# [SOLVED] My build



## DTonesXD (Jun 4, 2013)

What do you think of the specs? I haven't bought anything yet 
I am going to be building my new computer sometime near my birthday. These are the specs i am thinking of using, what do you think?

CPU

AMD Athlon II X4 750K CPU - (Black) (Quad Core, 3.40GHz, 4MB, 100W, Socket FM2, AMD PowerNow! Technology): Amazon.co.uk: Computers & Accessories

MOTHERBOARD

Gigabyte GA-F2A85XM-HD3 Motherboard (Socket FM2, AMD A85X, DDR3, S-ATA 600, Micro ATX, 2x USB 3.0, Gigabyte Ultra Durable4 Classic Technology): Amazon.co.uk: Computers & Accessories

RAM (2 of these)

Crucial BLT4G3D1608DT2TXOBCEU 4GB Ballistix Smart Tracer Memory: Amazon.co.uk: Computers & Accessories

CASE

Aerocool EN58339 VS-3 Midi Tower Case - Black

SD card reader

ALL IN ONE MEMORY CARD READER MINI SD MMC M2 XD CF: Amazon.co.uk: Computers & Accessories
I will also get windows 7 64 bit and a cheap psu and hdd on ebay. I will take out my old wifi card from my old computer.
What do you think?


----------



## gcavan (Aug 13, 2009)

*Re: My build*

I'm not sure if you realize this, but the Athlon II does not have the on-die graphics of the Llano and Trinity APUs. You will require a discrete graphics card or else choose an A series APU instead of the Athlon II.
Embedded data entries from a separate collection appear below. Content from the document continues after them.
lemma has_vector_derivative_Ln_rcis:
  assumes "0 \<le> r" "r < 1"
  shows "((\<lambda>t. Ln (1 - rcis r (2 * t))) has_vector_derivative
           - (2 * \<i> * rcis r (2 * a)) / (1 - rcis r (2 * a))) (at a)"
proof -
  have "Re (rcis r (2 * a)) < 1"
    using assms abs_Re_le_cmod[of "rcis r (2 * a)"] by simp
  then have "1 - rcis r (2 * a) \<notin> \<real>\<^sub>\<le>\<^sub>0"
    by (auto simp: complex_nonpos_Reals_iff)
  then have "((\<lambda>z. Ln (1 - z)) has_field_derivative - inverse (1 - rcis r (2 * a))) (at (rcis r (2 * a)))"
    by (auto intro!: derivative_eq_intros)
  from has_vector_derivative_comp_rcis[OF this] show ?thesis
    by (simp add: divide_inverse mult.commute)
qed

lemma has_vector_derivative_polylog_rcis:
  assumes "0 < r" "r < 1"
  shows "((\<lambda>t. polylog (Suc s) (rcis r (2 * t))) has_vector_derivative
           2 * \<i> * polylog s (rcis r (2 * a))) (at a)"
proof -
  have "rcis r (2 * a) \<noteq> 0" "norm (rcis r (2 * a)) < 1" using assms by auto
  from has_vector_derivative_comp_rcis[OF has_field_derivative_polylog[OF this]] this(1)
  show ?thesis by (simp add: field_simps)
qed

lemma norm_one_minus_rcis_sq: "(cmod (1 - rcis r t))\<^sup>2 = 1 - 2 * r * cos t + r\<^sup>2"
proof -
  have "(cmod (1 - rcis r t))\<^sup>2 = (1 - r * cos t)\<^sup>2 + (r * sin t)\<^sup>2"
    unfolding cmod_power2 by simp
  also have "\<dots> = 1 - 2 * r * cos t + r\<^sup>2 * ((sin t)\<^sup>2 + (cos t)\<^sup>2)"
    by algebra
  finally show ?thesis by simp
qed

lemma norm_one_minus_cis_double:
  assumes "0 \<le> sin b"
  shows "cmod (1 - cis (2 * b)) = 2 * sin b"
proof (rule power2_eq_imp_eq)
  show "(cmod (1 - cis (2 * b)))\<^sup>2 = (2 * sin b)\<^sup>2"
    using norm_one_minus_rcis_sq[of 1 "2 * b"] by (simp add: rcis_def cos_double_sin power2_eq_square)
qed (use assms in auto)

section \<open>Integrating 4 a^2 cot a\<close>

definition polylog_primitive :: "real \<Rightarrow> real \<Rightarrow> real" where
  "polylog_primitive r a = 4 * a\<^sup>2 * Re (Ln (1 - rcis r (2 * a)))
     + 4 * a * Im (polylog 2 (rcis r (2 * a))) + 2 * Re (polylog 3 (rcis r (2 * a)))"

lemma has_real_derivative_polylog_primitive:
  assumes r: "0 < r" "r < 1"
  shows "(polylog_primitive r has_real_derivative
           8 * a\<^sup>2 * r * sin (2 * a) / (1 - 2 * r * cos (2 * a) + r\<^sup>2)) (at a)"
proof -
  define z where "z = rcis r (2 * a)"
  have "norm z < 1" using r by (simp add: z_def)
  have "Suc 1 = 2" "Suc 2 = 3" by simp_all
  note d_polylog = has_vector_derivative_polylog_rcis[OF r, of 1, unfolded this(1)]
    has_vector_derivative_polylog_rcis[OF r, of 2, unfolded this(2)]
  have "(polylog_primitive r has_real_derivative
         (4 * a\<^sup>2 * Re (- (2 * \<i> * z) / (1 - z)) + 8 * a * Re (Ln (1 - z)))
       + (4 * a * Im (2 * \<i> * polylog 1 z) + 4 * Im (polylog 2 z))
       + 2 * Re (2 * \<i> * polylog 2 z)) (at a)"
    unfolding polylog_primitive_def[abs_def] z_def
    by (intro DERIV_add DERIV_mult' DERIV_cmult has_field_derivative_Re has_field_derivative_Im
        has_vector_derivative_Ln_rcis d_polylog)
      (use r in \<open>auto intro!: derivative_eq_intros\<close>)
  moreover have "Re (- (2 * \<i> * z) / (1 - z)) = 2 * Im z / (cmod (1 - z))\<^sup>2"
    unfolding cmod_power2 by (simp add: Re_divide power2_eq_square algebra_simps)
  \<comment> \<open>Since \<open>polylog 1 z = - Ln (1 - z)\<close>, all terms but the first cancel in pairs.\<close>
  ultimately show ?thesis
    using polylog_1[OF \<open>norm z < 1\<close>] norm_one_minus_rcis_sq[of r "2 * a"]
    by (elim DERIV_cong) (simp add: z_def algebra_simps)
qed
lemma isCont_L1_shift_indicator:
  fixes A :: "'a::euclidean_space set"
  assumes A[measurable]: "A \<in> sets borel" and "emeasure lborel A < \<infinity>"
  shows "isCont (L1_shift (indicator A :: 'a \<Rightarrow> real)) 0"
  unfolding isCont_def L1_shift_0
proof (rule tendsto_0_ennrealI)
  fix e :: real
  assume "e > 0"
  obtain K where K: "compact K" "K \<subseteq> A" "emeasure lborel (A - K) < ennreal (e/4)"
    using inner_regular_lborel[of A "e/4"] assms \<open>e > 0\<close> by auto
  obtain U where U: "open U" "A \<subseteq> U" "emeasure lborel (U - A) < ennreal (e/4)"
    using outer_regular_lborel[OF A, of "e/4"] \<open>e > 0\<close> by auto
  have "closed (- U)" "K \<inter> - U = {}"
    using K U by auto
  then obtain d where "d > 0" and d: "\<And>x y. x \<in> K \<Longrightarrow> y \<notin> U \<Longrightarrow> d \<le> dist x y"
    using separate_compact_closed[OF \<open>compact K\<close>] by (metis ComplI)
  have "L1_shift (indicator A) t \<le> ennreal e" if "norm t < d" for t
  proof -
    have "x + t \<in> U" "x - t \<in> U" if "x \<in> K" for x
      using d[OF that, of "x + t"] d[OF that, of "x - t"] \<open>norm t < d\<close> by (auto simp: dist_norm)
    then have "L1_shift (indicator A) t \<le> 2 * (emeasure lborel (A - K) + emeasure lborel (U - A))"
      using K U by (intro L1_shift_indicator_le) (auto intro: borel_compact)
    also have "\<dots> \<le> 2 * (ennreal (e/4) + ennreal (e/4))"
      using K U by (intro mult_left_mono add_mono) auto
    also have "\<dots> = ennreal e"
      using \<open>e > 0\<close> by (simp add: mult_2 flip: ennreal_plus)
    finally show ?thesis .
  qed
  then show "eventually (\<lambda>t. L1_shift (indicator A) t \<le> ennreal e) (at 0)"
    using \<open>d > 0\<close> by (auto simp: eventually_at dist_norm)
qed
(* Let $N\ge2$ and $t>0$, and define, for $\boldsymbol{v}\in\mathbb{R}^N$ with pairwise distinct components, $$F_N(\boldsymbol{v},t)=\frac N2(N-1)(1-\log t)-\sum_{j=1}^Nj\log j+2\log|h_N(\boldsymbol{v})|-\frac{|\boldsymbol{v}|^2}{2t},\qquad h_N(\boldsymbol{v})=\prod_{1\le i<j\le N}(v_j-v_i).$$ Then the maximum value of $F_N(\cdot,t)$ is zero; in particular $F_N(\sqrt{2t}\,\rho\boldsymbol{z}_N,t)=0$ for every $\rho\in S_N$, where $\boldsymbol{z}_N$ is the vector of roots of the $N$-th Hermite polynomial $H_N(x)=(-1)^Ne^{x^2}\frac{d^N}{dx^N}e^{-x^2}$ and $\rho\boldsymbol{z}_N=(z_{\rho(1),N},\dots,z_{\rho(N),N})$. *)

theory Defs
  imports "HOL-Analysis.Analysis" "HOL-Combinatorics.Permutations"
begin

definition hermite :: "nat \<Rightarrow> real \<Rightarrow> real" where
  "hermite N x = (-1) ^ N * exp (x\<^sup>2) * ((deriv ^^ N) (\<lambda>y. exp (- y\<^sup>2)) x)"

text \<open>Vectors in R^N are functions nat => real indexed by {1..N}.\<close>
definition hN :: "nat \<Rightarrow> (nat \<Rightarrow> real) \<Rightarrow> real" where
  "hN N v = (\<Prod>j\<in>{1..N}. \<Prod>i\<in>{1..<j}. v j - v i)"

definition FN :: "nat \<Rightarrow> (nat \<Rightarrow> real) \<Rightarrow> real \<Rightarrow> real" where
  "FN N v t = real N / 2 * (real N - 1) * (1 - ln t)
     - (\<Sum>j=1..N. real j * ln (real j))
     + 2 * ln \<bar>hN N v\<bar>
     - (\<Sum>j=1..N. (v j)\<^sup>2) / (2 * t)"

end

theory Submission
  imports Defs "HOL-Computational_Algebra.Polynomial"
begin

text \<open>
  Up to constants, \<open>F\<^sub>N(v, t)\<close> is \<open>L(v) - |v|\<^sup>2 / (2t)\<close> with
  \<open>L(v) = \<Sum>\<^sub>a\<^sub>\<noteq>\<^sub>b ln |v\<^sub>a - v\<^sub>b| = 2 ln |h\<^sub>N(v)|\<close>. On each ordering chamber this function is
  concave, so it is bounded by its value at a critical point of the chamber, i.e. at a Stieltjes
  equilibrium \<open>\<Sum>\<^sub>b\<^sub>\<noteq>\<^sub>a 1 / (w\<^sub>a - w\<^sub>b) = w\<^sub>a / (2t)\<close>. By Stieltjes, \<open>\<surd>(2t)\<close> times the roots of
  \<open>H\<^sub>N\<close>, in any order, is such an equilibrium: evaluating \<open>H'' = 2xH' - 2NH\<close> at a root gives
  the equilibrium relation. Every chamber contains one of these points because \<open>H\<^sub>N\<close> has \<open>N\<close>
  distinct real roots (interlacing induction). At these points \<open>|w|\<^sup>2\<close> follows from the
  equilibrium relation and \<open>L\<close> is the logarithm of the discriminant of \<open>H\<^sub>N\<close>, computed from the
  resultant identity \<open>\<Prod>\<^sub>a |H\<^sub>N\<^sub>-\<^sub>1(z\<^sub>a)| = \<Prod>\<^sub>m\<^sub><\<^sub>N (2m)\<^sup>m\<close>; the value is exactly \<open>0\<close>.
\<close>

fun hermite_poly :: "nat \<Rightarrow> real poly" where
  "hermite_poly 0 = 1"
| "hermite_poly (Suc 0) = [:0, 2:]"
| "hermite_poly (Suc (Suc n)) =
     [:0, 2:] * hermite_poly (Suc n) - smult (2 * (real n + 1)) (hermite_poly n)"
PS: A 'cheap' power supply, seldom saves you any money in the long run and often ends up costing you more in replacements. Even a good quality supply, adequate for your system will usually be one of the least expensive components in the system.


----------



## dannpp2012 (Aug 5, 2012)

*Re: My build*

So far it's ok, I would suggest you get quality parts. Case is a personal preference and the mother board is from a tsf recommended brand so that is good But you don't have a video card or a power supply listed. Yes the motherboard has dvi and vga ports on it but that won't work unless you have an apu, that is a cpu with a ondie video processor which your cpu of choice doesn't have. Here check this Newegg.com - GIGABYTE GA-F2A85XM-HD3 FM2 AMD A85X (Hudson D4) HDMI SATA 6Gb/s USB 3.0 Micro ATX AMD Motherboard with UEFI BIOS
it's the board you posted but check the details and look under onboard video.
What you need is an amd A series apu Like this one http://www.amazon.co.uk/AMD-Process...34?s=computers&ie=UTF8&qid=1374057107&sr=1-34
have you picked out a power supply yet? If you get the apu and don't do a lot of upgrades this one will work for you Xfx Pro 550w Power Supply Unit (core Edition) (Manf Part Code: P1-550S-UKB9): Amazon.co.uk: Computers & Accessories a good quality psu. If you plan on a dedicated video card I would suggest this one XFX P1-650S-NLB9 PRO650W Core Edition Power Supply: Amazon.co.uk: Computers & Accessories another good brand for a power supply is seasonic but that will cost a little more.


----------



## dannpp2012 (Aug 5, 2012)

*Re: My build*

Since it's too late to edit and one person already private messaged me about this


> If you plan on a dedicated video card I would suggest this one XFX P1-650S-NLB9 PRO650W Core Edition Power Supply: Amazon.co.uk: Computers & Accessories


 I am not referring to a video card, just a bigger power supply to handle a dedicated video card.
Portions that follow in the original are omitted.